Source: Iranian Journal of Allergy# Asthma and Immunology Published:2022


Abstract

Chronic lymphocytic leukemia (CLL) is the clonal expansion of mature CD5+ B cells and the most common lymphoproliferative disease in adults (B1-CLL). B1 cells' anti-inflammatory effects include the production of natural IgM (nIgM) by the spleen and bone marrow, decreased inflammatory cytokines as a primary response to maintaining tissue homeostasis, and enhanced release of transforming growth factor β (TGFβ). We used the flow cytometry technique in peripheral blood from patients with CLL and multiple sclerosis (MS) to immunophenotype B cells and their subpopulations.

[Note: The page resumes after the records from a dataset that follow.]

(* For any $f\in\mathcal{C}(I)$ and integers $l,m\ge0$, $\operatorname{dist}\big(f,\mathcal{R}^\alpha_{l,m}(I)\big)\le\operatorname{dist}\big(f,\mathcal{R}_{l,m}(I)\big)$.
   Context: $I=[x_0,x_N]$ is a compact interval, $\mathcal{C}(I)$ the real continuous functions with sup norm, $\Delta=\{x_0<x_1<\dots<x_N\}$, $N\ge2$, a fixed partition, $I_i=[x_{i-1},x_i]$, $L_i(x)=a_ix+b_i$ the affine map of $I$ onto $I_i$ with $L_i(x_0)=x_{i-1}$, $L_i(x_N)=x_i$; $\alpha\in(-1,1)^N$ fixed. For $f,b\in\mathcal{C}(I)$ with $b(x_0)=f(x_0)$, $b(x_N)=f(x_N)$, $f^\alpha_{\Delta,b}$ is the unique $g\in\mathcal{C}(I)$ with $g(x)=f(x)+\alpha_i(g-b)(L_i^{-1}(x))$ for $x\in I_i$. $B_n$ is the Bernstein operator $B_nf(x)=\sum_{k=0}^n f\big(x_0+\tfrac kn(x_N-x_0)\big)\binom nk\frac{(x-x_0)^k(x_N-x)^{n-k}}{(x_N-x_0)^n}$, and $\mathcal{F}^\alpha_{\Delta,B_n}(f)=f^\alpha_{\Delta,B_nf}$. $\mathcal{P}_k(I)$ = real algebraic polynomials of degree $\le k$; $\mathcal{R}_{l,m}(I)=\{p/q:p\in\mathcal{P}_l(I),q\in\mathcal{P}_m(I),q>0\text{ on }I\}$; $\mathcal{R}^\alpha_{l,m}(I)=\{\mathcal{F}^\alpha_{\Delta,B_n}(r):r\in\mathcal{R}_{l,m}(I),n\in\mathbb{N}\}$; $\operatorname{dist}(f,S)=\inf\{\|f-s\|_\infty:s\in S\}$. *)

theory Defs
  imports "HOL-Analysis.Analysis" "HOL-Computational_Algebra.Polynomial"
begin

text \<open>Continuous functions on I = [xs 0, xs N] are represented as real => real functions
  continuous on I; only their values on I matter.\<close>

definition Ivl :: "(nat \<Rightarrow> real) \<Rightarrow> nat \<Rightarrow> real set" where
  "Ivl xs N = {xs 0 .. xs N}"

definition Lmap :: "(nat \<Rightarrow> real) \<Rightarrow> nat \<Rightarrow> nat \<Rightarrow> real \<Rightarrow> real" where
  "Lmap xs N i t = xs (i - 1) + (xs i - xs (i - 1)) / (xs N - xs 0) * (t - xs 0)"

definition Linv :: "(nat \<Rightarrow> real) \<Rightarrow> nat \<Rightarrow> nat \<Rightarrow> real \<Rightarrow> real" where
  "Linv xs N i y = xs 0 + (xs N - xs 0) / (xs i - xs (i - 1)) * (y - xs (i - 1))"

text \<open>To make it unique as a HOL function we set it to 0 outside I.\<close>
definition fractal :: "(nat \<Rightarrow> real) \<Rightarrow> nat \<Rightarrow> (nat \<Rightarrow> real) \<Rightarrow> (real \<Rightarrow> real)
    \<Rightarrow> (real \<Rightarrow> real) \<Rightarrow> (real \<Rightarrow> real)" where
  "fractal xs N \<alpha> b f = (THE g. continuous_on (Ivl xs N) g
      \<and> (\<forall>i\<in>{1..N}. \<forall>x\<in>{xs (i - 1) .. xs i}.
           g x = f x + \<alpha> i * (g (Linv xs N i x) - b (Linv xs N i x)))
      \<and> (\<forall>x. x \<notin> Ivl xs N \<longrightarrow> g x = 0))"

definition bernstein :: "(nat \<Rightarrow> real) \<Rightarrow> nat \<Rightarrow> nat \<Rightarrow> (real \<Rightarrow> real) \<Rightarrow> real \<Rightarrow> real" where
  "bernstein xs N n f x = (\<Sum>k=0..n. f (xs 0 + real k / real n * (xs N - xs 0))
      * real (n choose k) * (x - xs 0) ^ k * (xs N - x) ^ (n - k) / (xs N - xs 0) ^ n)"

definition fractal_op :: "(nat \<Rightarrow> real) \<Rightarrow> nat \<Rightarrow> (nat \<Rightarrow> real) \<Rightarrow> nat
    \<Rightarrow> (real \<Rightarrow> real) \<Rightarrow> (real \<Rightarrow> real)" where
  "fractal_op xs N \<alpha> n f = fractal xs N \<alpha> (bernstein xs N n f) f"

definition rat_fun :: "(nat \<Rightarrow> real) \<Rightarrow> nat \<Rightarrow> nat \<Rightarrow> nat \<Rightarrow> (real \<Rightarrow> real) set" where
  "rat_fun xs N l m = {(\<lambda>x. poly p x / poly q x) | p q.
      degree p \<le> l \<and> degree q \<le> m \<and> (\<forall>x\<in>Ivl xs N. poly q x > 0)}"

definition frac_rat_fun :: "(nat \<Rightarrow> real) \<Rightarrow> nat \<Rightarrow> (nat \<Rightarrow> real) \<Rightarrow> nat \<Rightarrow> nat
    \<Rightarrow> (real \<Rightarrow> real) set" where
  "frac_rat_fun xs N \<alpha> l m = {fractal_op xs N \<alpha> n r | r n. r \<in> rat_fun xs N l m \<and> n \<ge> 1}"

definition supnorm_on :: "real set \<Rightarrow> (real \<Rightarrow> real) \<Rightarrow> real" where
  "supnorm_on S h = Sup ((\<lambda>x. \<bar>h x\<bar>) ` S)"

definition dist_on :: "real set \<Rightarrow> (real \<Rightarrow> real) \<Rightarrow> (real \<Rightarrow> real) set \<Rightarrow> real" where
  "dist_on S f A = Inf ((\<lambda>s. supnorm_on S (\<lambda>x. f x - s x)) ` A)"

end

theory Submission
  imports Defs
begin

text \<open>
  The fractal function g of f with base b is the fixed point of a Read--Bajraktarevic operator
  that contracts with factor a = max |alpha i| < 1. Evaluating the functional equation at a
  maximum point of |g - f| gives |g - f| <= a (|g - f| + |f - b|) in sup norm, hence
  |g - f| <= |f - b| / (1 - a). For a rational r the Bernstein polynomials B_n r converge
  uniformly to r, so the fractal function of r with base B_n r approximates r arbitrarily well:
  every rational approximant of f is matched, up to any e > 0, by a fractal one.
\<close>

lemma ordered_nodes_less:
  fixes xs :: "nat \<Rightarrow> real"
  assumes "\<forall>i<N. xs i < xs (Suc i)" "i < j" "j \<le> N"
  shows "xs i < xs j"
  using assms(2,3)
proof (induction j)
  case (Suc j)
  then show ?case using assms(1)
    by (metis Suc_le_lessD less_Suc_eq less_trans order_less_imp_le)
qed simp

lemma ordered_nodes_le:
  fixes xs :: "nat \<Rightarrow> real"
  assumes "\<forall>i<N. xs i < xs (Suc i)" "i \<le> j" "j \<le> N"
  shows "xs i \<le> xs j"
  using ordered_nodes_less[OF assms(1)] assms(2,3) by (cases "i = j") (auto intro: less_imp_le)

lemma bernstein_eq_Bernstein_sum:
  fixes xs :: "nat \<Rightarrow> real"
  assumes "xs 0 < xs N"
  shows "bernstein xs N n r x = (\<Sum>k\<le>n. r (xs 0 + (real k / real n) * (xs N - xs 0))
            * Bernstein n k ((x - xs 0) / (xs N - xs 0)))"
  unfolding bernstein_def atMost_atLeast0
proof (rule sum.cong[OF refl])
  fix k assume k: "k \<in> {0..n}"
  define D where "D = xs N - xs 0"
  have "D > 0" using assms D_def by simp
  then have compl: "1 - (x - xs 0) / D = (xs N - x) / D" by (simp add: field_simps D_def)
  have split: "D ^ n = D ^ k * D ^ (n - k)" using k by (simp flip: power_add)
  show "r (xs 0 + real k / real n * (xs N - xs 0)) * real (n choose k) * (x - xs 0) ^ k *
         (xs N - x) ^ (n - k) / (xs N - xs 0) ^ n =
        r (xs 0 + real k / real n * (xs N - xs 0)) * Bernstein n k ((x - xs 0) / (xs N - xs 0))"
    unfolding D_def[symmetric] Bernstein_def compl split power_divide by simp
qed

Whole blood from CLL and MS patients, as well as healthy controls, was used to detect nIgM using the VH4-34 gene copy number and real-time RT-PCR. We found that the proportion of CD5+ B cells was significantly lower in MS patients than in the control group and that CD5+ B lymphocytes were significantly higher in CLL patients than in the control group. Compared to the control group, CLL patients had significantly higher levels of the VH4-34 gene copy number. On the contrary, MS patients had significantly lower VH4-34 gene copy number levels compared to the control group. As the number of antibodies in CLL patients increases due to the high number of B1 cells, we propose a new way to treat MS by extracting this natural antibody from the sera of CLL patients and injecting it into MS patients. © 2022 Pezeshki et al. Published by Tehran University of Medical Sciences.